De la obra de Layna Serrano poco queda ya por decir que no se sepa: con un lenguaje castizo, una documentación enorme, y una elaboración meticulosa, el que fuera cronista de la provincia elaboró entre 1931 y 1971 una monumental aportación bibliográfica que cuajó en 8 grandes obras a las que se han añadido sus artículos sueltos en revistas especializadas.


Una memoria palpitante


La ciudad de Guadalajara fue, como tantas otras en Castilla, una ciudad conventual, entre los siglos XII (tras la instauración del reino castellano en ella) y el XIX (en que las políticas liberales y desamortizadoras acabaron con prácticamente todo rastro de conventualismo).
Entre los límites de esos siglos, fueron 14 los conventos que surgieron. De todos ellos, tan solo uno queda hoy vivo y en pie, ocupado de la misma comunidad para la que fue creado: el convento de San José, de monjas carmelitas descalzas, del que luego haré breve semblanza.
Del resto de los conventos creados, nada queda, aunque sí los edificios de algunos, transformados en iglesias parroquiales o destinados a otros menesteres: el de San Francisco está viendo, tras pasar al Ayuntamiento, renovado y restaurado su interior, que durante 150 fue dedicado a cuartel y Gobierno Militar; los de dominicos y jesuitas son hoy iglesias parroquiales de San Ginés y San Nicolás, respectivamente.

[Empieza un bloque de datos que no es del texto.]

(* Let $G$ be an acyclic ADT network over $\mathbb F_q$ with sources $S_i$ and destinations $T_j$, and let $\mathcal C$ be a set of connections. For each pair $(i,j)$, let $M_{i,j}$ be the system matrix from the source processes $\mathcal X(S_i)$ to the destination processes $\mathcal Z(T_j)$; it depends on the coefficients $\alpha,\beta,\epsilon$. Suppose there is an assignment of $\alpha,\beta,\epsilon$ such that: (1) $M_{i,j}=0$ for every pair $(S_i,T_j)$ for which no connection from $S_i$ to $T_j$ belongs to $\mathcal C$; (2) for each $T_j$, if $S_{\sigma(1)},\dots,S_{\sigma(K_j)}$ are the sources having a connection to $T_j$ in $\mathcal C$, then the matrix formed by stacking $M_{\sigma(1),j},\dots,M_{\sigma(K_j),j}$ (the system matrix from $\mathcal X(S_{\sigma(1)}),\dots,\mathcal X(S_{\sigma(K_j)})$ to $\mathcal Z(T_j)$) is a nonsingular $|\mathcal Z(T_j)|\times|\mathcal Z(T_j)|$ matrix. Then $(G,\mathcal C)$ is solvable.
   Context: ADT network model. $G=(\mathcal V,\mathcal E)$ is a directed acyclic network of supernodes, each with input ports $I(V)$ and output ports $O(V)$. Edges go from output ports to input ports of other supernodes. Linear coding over $\mathbb F_q$: - An output port $e\in O(V)$ carries $Y(e)=\sum_{e'\in I(V)}\beta_{(e',e)}Y(e')$. At a source $S_i$, the term $\sum_k\alpha_{(k,e)}X(S_i,k)$ is added, where $\mathcal X(S_i)$ are $S_i$'s independent processes. - An output port sends the same symbol on all of its outgoing edges. - An input port $e'$ receives $Y(e')=\sum_{(e,e')\in\mathcal E}Y(e)$, the sum taken over $\mathbb F_q$. - A destination $T$ outputs $Z(T,k)=\sum_{e'\in I(T)}\epsilon_{(e',(T,k))}Y(e')$. By linearity, $\mathcal Z(T_j)=\sum_i\mathcal X(S_i)M_{i,j}$ for matrices $M_{i,j}$ over $\mathbb F_q$ determined by the coefficients. A connection is a triple $(S_i,T_j,\mathcal X(S_i,T_j))$ with $\mathcal X(S_i,T_j)\subseteq\mathcal X(S_i)$. $(G,\mathcal C)$ is solvable if a single coefficient choice lets every destination recover the processes of all connections it is a receiver of. *)

theory Defs
  imports "Jordan_Normal_Form.Matrix"
begin

text \<open>Sources are indexed by i < src_num, destinations by j < dst_num.
  Source S_i is the supernode src i and has the independent processes X(S_i,k), k < mu i.
  Destination T_j is the supernode dst j and outputs the processes Z(T_j,k), k < nu j.\<close>

record ('v, 'p) adt_net =
  nodes   :: "'v set"
  inp     :: "'v \<Rightarrow> 'p set"
  outp    :: "'v \<Rightarrow> 'p set"
  edges   :: "('p \<times> 'p) set"
  src_num :: nat
  src     :: "nat \<Rightarrow> 'v"
  mu      :: "nat \<Rightarrow> nat"
  dst_num :: nat
  dst     :: "nat \<Rightarrow> 'v"
  nu      :: "nat \<Rightarrow> nat"

definition ports :: "('v, 'p) adt_net \<Rightarrow> 'p set" where
  "ports N = (\<Union>V\<in>nodes N. inp N V \<union> outp N V)"

definition node_rel :: "('v, 'p) adt_net \<Rightarrow> ('v \<times> 'v) set" where
  "node_rel N = {(V, W). V \<in> nodes N \<and> W \<in> nodes N \<and>
      (\<exists>e e'. (e, e') \<in> edges N \<and> e \<in> outp N V \<and> e' \<in> inp N W)}"

definition wf_adt_net :: "('v, 'p) adt_net \<Rightarrow> bool" where
  "wf_adt_net N \<longleftrightarrow>
     finite (nodes N) \<and>
     (\<forall>V\<in>nodes N. finite (inp N V) \<and> finite (outp N V) \<and> inp N V \<inter> outp N V = {}) \<and>
     (\<forall>V\<in>nodes N. \<forall>W\<in>nodes N. V \<noteq> W \<longrightarrow>
        (inp N V \<union> outp N V) \<inter> (inp N W \<union> outp N W) = {}) \<and>
     edges N \<subseteq> {(e, e'). \<exists>V\<in>nodes N. \<exists>W\<in>nodes N. V \<noteq> W \<and> e \<in> outp N V \<and> e' \<in> inp N W} \<and>
     (\<forall>i < src_num N. src N i \<in> nodes N) \<and>
     (\<forall>j < dst_num N. dst N j \<in> nodes N)"

definition acyclic_adt_net :: "('v, 'p) adt_net \<Rightarrow> bool" where
  "acyclic_adt_net N \<longleftrightarrow> acyclic (node_rel N)"

text \<open>Coding coefficients: alpha i k e = \<alpha>_(k,e) at source S_i (output port e),
  beta e' e = \<beta>_(e',e), eps j e' k = \<epsilon>_(e',(T_j,k)).\<close>
record ('f, 'p) coeffs =
  alpha :: "nat \<Rightarrow> nat \<Rightarrow> 'p \<Rightarrow> 'f"
  beta  :: "'p \<Rightarrow> 'p \<Rightarrow> 'f"
  eps   :: "nat \<Rightarrow> 'p \<Rightarrow> nat \<Rightarrow> 'f"

text \<open>By linearity, Y(e) = sum over (i,k) of Y e i k * X(S_i,k).  The following are the coding
  equations for these coefficient functions (ports outside the network carry 0).\<close>
definition coding_eqs ::
  "('v, 'p) adt_net \<Rightarrow> ('f::field, 'p) coeffs \<Rightarrow> ('p \<Rightarrow> nat \<Rightarrow> nat \<Rightarrow> 'f) \<Rightarrow> bool" where
  "coding_eqs N c Y \<longleftrightarrow>
     (\<forall>V\<in>nodes N. \<forall>e\<in>outp N V. \<forall>i k.
        Y e i k = (\<Sum>e'\<in>inp N V. beta c e' e * Y e' i k)
                  + (if i < src_num N \<and> src N i = V \<and> k < mu N i then alpha c i k e else 0)) \<and>
     (\<forall>V\<in>nodes N. \<forall>e'\<in>inp N V. \<forall>i k.
        Y e' i k = (\<Sum>e\<in>{e. (e, e') \<in> edges N}. Y e i k)) \<and>
     (\<forall>p. p \<notin> ports N \<longrightarrow> (\<forall>i k. Y p i k = 0))"

definition port_signal ::
  "('v, 'p) adt_net \<Rightarrow> ('f::field, 'p) coeffs \<Rightarrow> 'p \<Rightarrow> nat \<Rightarrow> nat \<Rightarrow> 'f" where
  "port_signal N c = (THE Y. coding_eqs N c Y)"

text \<open>System matrix M_{i,j} (mu i x nu j): entry (k,k') is the coefficient of X(S_i,k) in Z(T_j,k').\<close>
definition sys_mat :: "('v, 'p) adt_net \<Rightarrow> ('f::field, 'p) coeffs \<Rightarrow> nat \<Rightarrow> nat \<Rightarrow> 'f mat" where
  "sys_mat N c i j = mat (mu N i) (nu N j)
     (\<lambda>(k, k'). \<Sum>e'\<in>inp N (dst N j). eps c j e' k' * port_signal N c e' i k)"

definition dest_out :: "('v, 'p) adt_net \<Rightarrow> ('f::field, 'p) coeffs \<Rightarrow> nat \<Rightarrow> (nat \<Rightarrow> nat \<Rightarrow> 'f) \<Rightarrow> nat \<Rightarrow> 'f" where
  "dest_out N c j x k' = (\<Sum>i<src_num N. \<Sum>k<mu N i. x i k * sys_mat N c i j $$ (k, k'))"

text \<open>A connection (S_i, T_j, X(S_i,T_j)) is encoded as (i, j, K) with K \<subseteq> {..<mu i}.\<close>
definition wf_connections :: "('v, 'p) adt_net \<Rightarrow> (nat \<times> nat \<times> nat set) set \<Rightarrow> bool" where
  "wf_connections N C \<longleftrightarrow>
     (\<forall>(i, j, K)\<in>C. i < src_num N \<and> j < dst_num N \<and> K \<subseteq> {..<mu N i})"

text \<open>(G,C) is solvable if one choice of coefficients lets every destination T_j recover
  (i.e. its output determines) the processes of all connections it receives.\<close>
definition solvable :: "('v, 'p) adt_net \<Rightarrow> (nat \<times> nat \<times> nat set) set \<Rightarrow> 'f::field itself \<Rightarrow> bool" where
  "solvable N C _ \<longleftrightarrow>
     (\<exists>c :: ('f, 'p) coeffs. \<forall>j < dst_num N. \<forall>x x'.
        (\<forall>k' < nu N j. dest_out N c j x k' = dest_out N c j x' k') \<longrightarrow>
        (\<forall>(i, j', K)\<in>C. j' = j \<longrightarrow> (\<forall>k\<in>K. x i k = x' i k)))"

text \<open>Sources having a connection to T_j, in increasing order sigma(1) < ... < sigma(K_j).\<close>
definition conn_sources :: "(nat \<times> nat \<times> nat set) set \<Rightarrow> nat \<Rightarrow> nat set" where
  "conn_sources C j = {i. \<exists>K. (i, j, K) \<in> C}"

definition stacked_mat ::
  "('v, 'p) adt_net \<Rightarrow> ('f::field, 'p) coeffs \<Rightarrow> (nat \<times> nat \<times> nat set) set \<Rightarrow> nat \<Rightarrow> 'f mat" where
  "stacked_mat N c C j = mat_of_rows (nu N j)
     (concat (map (\<lambda>i. rows (sys_mat N c i j)) (sorted_list_of_set (conn_sources C j))))"

end

theory Submission
  imports Defs
begin

text \<open>Destination T_j sees \<open>Z(T_j) = \<Sum>\<^sub>i X(S_i) M_{i,j}\<close>.  Since the matrices of
  unconnected sources vanish, two inputs with the same output at T_j differ by a row vector in
  the left kernel of the stacked matrix of the sources connected to T_j.  That matrix is
  invertible, so the difference vanishes on every process of these sources.  Only the system
  matrices enter the argument; well-formedness and acyclicity of the network just make them
  well defined.\<close>

lemma invertible_mat_left_kernel:
  fixes S :: "'a::comm_ring_1 mat"
  assumes S: "S \<in> carrier_mat n n" and inv: "invertible_mat S"
    and comb: "\<forall>k'<n. (\<Sum>r<n. w r * S $$ (r, k')) = 0"
  shows "\<forall>r<n. w r = 0"
proof -
  obtain B where SB: "S * B = 1\<^sub>m n" and B: "B \<in> carrier_mat n n"
    using inv S unfolding invertible_mat_def inverts_mat_def
    by (metis carrier_matD carrier_matI index_mult_mat(3) index_one_mat(3))
  have BS: "transpose_mat B * transpose_mat S = 1\<^sub>m n"
    using S B SB by (metis transpose_mult transpose_one)
  define v where "v = vec n w"
  have v: "v \<in> carrier_vec n" unfolding v_def by simp
  have "transpose_mat S *\<^sub>v v = 0\<^sub>v n"
    using S comb by (intro eq_vecI) (auto simp: v_def scalar_prod_def atLeast0LessThan mult.commute)
  then have "transpose_mat B *\<^sub>v (transpose_mat S *\<^sub>v v) = 0\<^sub>v n"
    using B by auto
  moreover have "transpose_mat B *\<^sub>v (transpose_mat S *\<^sub>v v) = v"
    using S B v BS by (metis assoc_mult_mat_vec transpose_carrier_mat one_mult_mat_vec)
  ultimately show ?thesis unfolding v_def by (metis index_vec index_zero_vec(1))
qed

lemma sum_list_concat: "sum_list (concat xss) = sum_list (map sum_list xss)"
  by (induction xss) simp_all

lemma sum_weighted_mat_of_rows:
  assumes "\<forall>p\<in>set P. dim_vec (snd p) = n" and "k' < n"
  shows "(\<Sum>r<length P. fst (P ! r) * mat_of_rows n (map snd P) $$ (r, k'))
       = (\<Sum>p\<leftarrow>P. fst p * snd p $ k')"
  using assms by (simp add: sum_list_sum_nth atLeast0LessThan mat_of_rows_index)

lemma stacked_rows_independent:
  fixes M :: "nat \<Rightarrow> 'a::comm_ring_1 mat"
  assumes dist: "distinct is" and dims: "\<forall>i\<in>set is. M i \<in> carrier_mat (m i) n"
    and S: "mat_of_rows n (concat (map (\<lambda>i. rows (M i)) is)) \<in> carrier_mat n n"
    and inv: "invertible_mat (mat_of_rows n (concat (map (\<lambda>i. rows (M i)) is)))"
    and comb: "\<forall>k'<n. (\<Sum>i\<in>set is. \<Sum>k<m i. d i k * M i $$ (k, k')) = 0"
    and i: "i \<in> set is" and k: "k < m i"
  shows "d i k = 0"
proof -
  \<comment> \<open>pairing each weight with its row keeps the two concatenations aligned\<close>
  define P where "P = concat (map (\<lambda>i. map (\<lambda>k. (d i k, row (M i) k)) [0..<m i]) is)"
  have rows: "map snd P = concat (map (\<lambda>i. rows (M i)) is)"
    unfolding P_def map_concat using dims
    by (auto simp: rows_def o_def intro!: arg_cong[where f = concat] map_cong)
  have len: "length P = n"
    using S unfolding rows[symmetric] by (metis carrier_matD(1) length_map mat_of_rows_carrier(2))
  have comb_P: "(\<Sum>r<n. fst (P ! r) * mat_of_rows n (map snd P) $$ (r, k')) = 0"
    if "k' < n" for k'
  proof -
    have "(\<Sum>r<n. fst (P ! r) * mat_of_rows n (map snd P) $$ (r, k'))
        = (\<Sum>p\<leftarrow>P. fst p * snd p $ k')"
      using sum_weighted_mat_of_rows[of P n k'] dims \<open>k' < n\<close> len
      by (auto simp: P_def)
    also have "\<dots> = (\<Sum>i\<leftarrow>is. \<Sum>k\<leftarrow>[0..<m i]. d i k * M i $$ (k, k'))"
      unfolding P_def map_concat sum_list_concat using dims \<open>k' < n\<close>
      by (auto simp: o_def intro!: arg_cong[where f = sum_list] map_cong)
    also have "\<dots> = (\<Sum>i\<in>set is. \<Sum>k<m i. d i k * M i $$ (k, k'))"
      using dist by (simp add: sum_list_distinct_conv_sum_set atLeast0LessThan[symmetric])
    finally show ?thesis using comb \<open>k' < n\<close> by simp
  qed
  have "\<forall>r<n. fst (P ! r) = 0"
    by (rule invertible_mat_left_kernel[OF S[folded rows] inv[folded rows]]) (simp add: comb_P)
  moreover have "(d i k, row (M i) k) \<in> set P"
    unfolding P_def using i k by force
  ultimately show ?thesis using len by (metis fst_conv in_set_conv_nth)
qed

lemma dest_out_diff:
  "dest_out N c j x k' - dest_out N c j x' k'
     = (\<Sum>i<src_num N. \<Sum>k<mu N i. (x i k - x' i k) * sys_mat N c i j $$ (k, k'))"
  unfolding dest_out_def by (simp add: sum_subtractf left_diff_distrib)

lemma dest_out_determines_connections:
  assumes conn: "wf_connections N C"
    and zero: "\<forall>i < src_num N. (\<nexists>K. (i, j, K) \<in> C) \<longrightarrow>
                 sys_mat N c i j = 0\<^sub>m (mu N i) (nu N j)"
    and S: "stacked_mat N c C j \<in> carrier_mat (nu N j) (nu N j)"
    and inv: "invertible_mat (stacked_mat N c C j)"
    and out: "\<forall>k' < nu N j. dest_out N c j x k' = dest_out N c j x' k'"
    and iK: "(i, j, K) \<in> C" and k: "k \<in> K"
  shows "x i k = x' i k"
proof -
  have sources: "conn_sources C j \<subseteq> {..<src_num N}"
    using conn unfolding wf_connections_def conn_sources_def by auto
  define "is" where "is = sorted_list_of_set (conn_sources C j)"
  have set_is: "set is = conn_sources C j" and dist: "distinct is"
    using finite_subset[OF sources] unfolding is_def by auto
  have comb: "(\<Sum>i\<in>set is. \<Sum>k<mu N i. (x i k - x' i k) * sys_mat N c i j $$ (k, k')) = 0"
    if k': "k' < nu N j" for k'
  proof -
    have "(\<Sum>i\<in>set is. \<Sum>k<mu N i. (x i k - x' i k) * sys_mat N c i j $$ (k, k'))
        = (\<Sum>i<src_num N. \<Sum>k<mu N i. (x i k - x' i k) * sys_mat N c i j $$ (k, k'))"
      using sources zero k' unfolding set_is
      by (intro sum.mono_neutral_left) (auto simp: conn_sources_def)
    also have "\<dots> = 0"
      using out k' by (simp flip: dest_out_diff)
    finally show ?thesis .
  qed
  have "x i k - x' i k = 0"
  proof (rule stacked_rows_independent[OF dist])
    show "\<forall>i\<in>set is. sys_mat N c i j \<in> carrier_mat (mu N i) (nu N j)"
      by (simp add: sys_mat_def)
    show "i \<in> set is" "k < mu N i"
      using iK k conn unfolding set_is conn_sources_def wf_connections_def by auto
  qed (use S inv comb in \<open>simp_all add: stacked_mat_def is_def\<close>)
  then show ?thesis by simp
qed

theorem theorem8:
  fixes N :: "('v, 'p) adt_net" and C :: "(nat \<times> nat \<times> nat set) set"
  assumes "wf_adt_net N" and "acyclic_adt_net N" and "wf_connections N C"
    and "\<exists>c :: ('f::{field,finite}, 'p) coeffs.
           (\<forall>i < src_num N. \<forall>j < dst_num N. (\<nexists>K. (i, j, K) \<in> C) \<longrightarrow>
               sys_mat N c i j = 0\<^sub>m (mu N i) (nu N j)) \<and>
           (\<forall>j < dst_num N. stacked_mat N c C j \<in> carrier_mat (nu N j) (nu N j) \<and>
               invertible_mat (stacked_mat N c C j))"
  shows "solvable N C TYPE('f)"
proof -
  obtain c :: "('f, 'p) coeffs" where
    zero: "\<forall>i < src_num N. \<forall>j < dst_num N. (\<nexists>K. (i, j, K) \<in> C) \<longrightarrow>
               sys_mat N c i j = 0\<^sub>m (mu N i) (nu N j)" and
    inv: "\<forall>j < dst_num N. stacked_mat N c C j \<in> carrier_mat (nu N j) (nu N j) \<and>
               invertible_mat (stacked_mat N c C j)"
    using assms(4) by blast
  show ?thesis
    unfolding solvable_def
  proof (intro exI[of _ c] allI impI ballI, clarify)
    fix j x x' i K k
    assume "j < dst_num N" and "\<forall>k' < nu N j. dest_out N c j x k' = dest_out N c j x' k'"
      and "(i, j, K) \<in> C" and "k \<in> K"
    then show "x i k = x' i k"
      using dest_out_determines_connections[OF assms(3)] zero inv by blast
  qed
qed

end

Los de las bernardas, las jerónimas, las concepcionistas de San Acacio, los franciscanos de San Antonio, los hermanos de San Juan de Dios y algún otro, desaparecieron por completo, incluso físicamente. Y de los carmelitas de la epifanía quedó en pie todo, convento e iglesia, aunque hoy ocupado por franciscanos y religiosas concepcionistas. Las clarisas solo conservaron el templo (hoy parroquia de Santiago), y las franciscanas de la Piedad tuvieron como herederos a la Diputación Provincial y luego al ministerio de Educación y ciencia, convirtiendo su viejo palacio de Mendoza y su templo de La Piedad en dependencias del Instituto de Educación Secundaria “Liceo Caracense”
En su libro, Layna no trata de otros conventos y comunidades religiosas que han llegado a asentar y ser clásicas en la ciudad, como las Adoratrices sobre la fundación de María Diega Desmaissiéres, duquesa de Sevillano, o las Hermanas de los Ancianos Desamparados, en la Concordia, o las Francesas y las Anas en enseñanza, o las religiosas de San Vicente Paul en la asistencia sanitaria: consideró estas órdenes, nacidas en el siglo XIX con una proyección social y evangelizadora muy neta, como “no antiguas” y por lo tanto ni sus historia ni sus edificios han cabido en este libro.
Lo interesante de esta obra, magnífica por el aspecto y por el contenido, que viene a ser esencia de la historia de Guadalajara, es el nacimiento de cada Convento, el arte que en él tuvo cabida, los personajes que dieron sus dineros para que creciera, las monjas y los frailes, algunos linajudos y otros eminentes, que los poblaron: una secuencia histórica, en fin, que abarca siete largos siglos de la historia local, y que ahora van a tener posibilidad de leer y recordar cuantos se interesan, aunque sea superficialmente, por los avatares pretéritos de Guadalajara.
Verán así descritas, con el castizo lenguaje de Layna, figuras como las infantas Isabel y Beatriz, hijas del rey Sancho IV y María de Molina, o la de doña María Fernández Coronel, fundadora de las clarisas, y mujer con arrestos como pocas en toda la historia de la ciudad. Sabrán de doña Brianda de Mendoza, organizadora proverbial, y de la duquesa doña Ana, devota y fundadora. Recordarán los nombres de tantas jóvenes alcarreñas que acabaron sus días en los conventos, que eran entonces, en pleno siglo XVI, lugar de reunión de la gente diversa que trabajaba y se entretenía, pero que los domingos acababan saludándose y cotilleando a las puertas de las monjas de la Piedad, en Santa Clara, o en el ancho prado delante de Santo Domingo.
Y se asombrará de lo que Guadalajara fue en punto al nacimiento del Renacimiento artístico, de la mano de arquitectos como Alonso de Covarrubias, Lorenzo Vázquez de Segovia o fray Alberto de la Madre de Dios, creadores de modas y avanzados diseñadores de edificios y formas.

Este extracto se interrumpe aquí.